__RECORDED DATA__.
(* Let $n\ge1$, $0<T_0<T_1<\dots<T_n$ with $T_i=T_{i-1}+P$ ($1\le i\le n$) for some $P>0$, let $0<B_{\mathrm{low}}<B_{\mathrm{up}}$, $F>0$, and let $C_i:=\mathbf{1}_{\{B_{\mathrm{low}}<S_u<B_{\mathrm{up}}\ \forall u\in[T_{i-1},T_i]\}}$ for $1\le i\le n$, $A:=\sum_{i=1}^nC_i$. Fix $t<T_0$ and write $\mathbb{P}_t,\mathbb{E}_t$ for (risk-neutral) probability and expectation conditional on $\mathcal{F}_t$. Then the time-$t$ price of the payoff $(F-A)^+$ paid at $T_n$ satisfies \[ e^{-r(T_n-t)}\mathbb{E}_t[(F-A)^+]=e^{-r(T_n-t)}\sum_{i=0}^{n\wedge\lfloor F\rfloor}(F-i)\,\mathbb{P}_t[A=i], \] where $\mathbb{P}_t[A=n]=\mathbb{P}_t[B_{\mathrm{low}}<S_u<B_{\mathrm{up}}\ \forall u\in[T_0,T_n]]$; the remaining point masses $\mathbb{P}_t[A=i]$, $0\le i\le n-1$, are determined by $\mathbb{P}_t[A=n]$ and the moments $\mathbb{E}_t[A^\nu]$, $0\le\nu<n$, through the linear system $\mathbb{E}_t[A^\nu]=\sum_{i=0}^n i^\nu\,\mathbb{P}_t[A=i]$; and for $1\le\nu<n$, \[ \mathbb{E}_t[A^\nu]=\sum_{J\subseteq\{1,\dots,n\}}c(\nu,J)\,\mathbb{P}_t\big[B_{\mathrm{low}}<S_u<B_{\mathrm{up}}\ \forall u\in\textstyle\bigcup_{j\in J}[T_{j-1},T_{j-1}+P]\big], \] with $c(\nu,J):=\sum_{0\le i_1,\dots,i_n\le\nu,\ \mathrm{supp}(\mathbf{i})=J}\binom{\nu}{i_1,\dots,i_n}$.
   Context: Black–Scholes model under the pricing measure: $dS_t/S_t=r\,dt+\sigma\,dW_t$, $r>0$, $\sigma>0$, $W$ a standard Brownian motion with filtration $(\mathcal{F}_t)$. For $\mathbf{i}=(i_1,\dots,i_n)$, $\mathrm{supp}(\mathbf{i})$ is the set of indices $k$ with $i_k\neq0$, and $\binom{\nu}{i_1,\dots,i_n}$ is the multinomial coefficient (zero unless $i_1+\dots+i_n=\nu$). The conditional probabilities appearing are the undiscounted prices (i.e. $e^{r(\cdot)}$ times the discounted prices) of multi-period double barrier digitals. *)

theory Defs
  imports "HOL-Probability.Probability"
begin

__WHAT YOU SHOULD DO__. Return all of the material exactly as written, from the first line through the last.

__WRITTEN RESPONSE__.
(* Let $n\ge1$, $0<T_0<T_1<\dots<T_n$ with $T_i=T_{i-1}+P$ ($1\le i\le n$) for some $P>0$, let $0<B_{\mathrm{low}}<B_{\mathrm{up}}$, $F>0$, and let $C_i:=\mathbf{1}_{\{B_{\mathrm{low}}<S_u<B_{\mathrm{up}}\ \forall u\in[T_{i-1},T_i]\}}$ for $1\le i\le n$, $A:=\sum_{i=1}^nC_i$. Fix $t<T_0$ and write $\mathbb{P}_t,\mathbb{E}_t$ for (risk-neutral) probability and expectation conditional on $\mathcal{F}_t$. Then the time-$t$ price of the payoff $(F-A)^+$ paid at $T_n$ satisfies \[ e^{-r(T_n-t)}\mathbb{E}_t[(F-A)^+]=e^{-r(T_n-t)}\sum_{i=0}^{n\wedge\lfloor F\rfloor}(F-i)\,\mathbb{P}_t[A=i], \] where $\mathbb{P}_t[A=n]=\mathbb{P}_t[B_{\mathrm{low}}<S_u<B_{\mathrm{up}}\ \forall u\in[T_0,T_n]]$; the remaining point masses $\mathbb{P}_t[A=i]$, $0\le i\le n-1$, are determined by $\mathbb{P}_t[A=n]$ and the moments $\mathbb{E}_t[A^\nu]$, $0\le\nu<n$, through the linear system $\mathbb{E}_t[A^\nu]=\sum_{i=0}^n i^\nu\,\mathbb{P}_t[A=i]$; and for $1\le\nu<n$, \[ \mathbb{E}_t[A^\nu]=\sum_{J\subseteq\{1,\dots,n\}}c(\nu,J)\,\mathbb{P}_t\big[B_{\mathrm{low}}<S_u<B_{\mathrm{up}}\ \forall u\in\textstyle\bigcup_{j\in J}[T_{j-1},T_{j-1}+P]\big], \] with $c(\nu,J):=\sum_{0\le i_1,\dots,i_n\le\nu,\ \mathrm{supp}(\mathbf{i})=J}\binom{\nu}{i_1,\dots,i_n}$.
   Context: Black–Scholes model under the pricing measure: $dS_t/S_t=r\,dt+\sigma\,dW_t$, $r>0$, $\sigma>0$, $W$ a standard Brownian motion with filtration $(\mathcal{F}_t)$. For $\mathbf{i}=(i_1,\dots,i_n)$, $\mathrm{supp}(\mathbf{i})$ is the set of indices $k$ with $i_k\neq0$, and $\binom{\nu}{i_1,\dots,i_n}$ is the multinomial coefficient (zero unless $i_1+\dots+i_n=\nu$). The conditional probabilities appearing are the undiscounted prices (i.e. $e^{r(\cdot)}$ times the discounted prices) of multi-period double barrier digitals. *)

theory Defs
  imports "HOL-Probability.Probability"
begin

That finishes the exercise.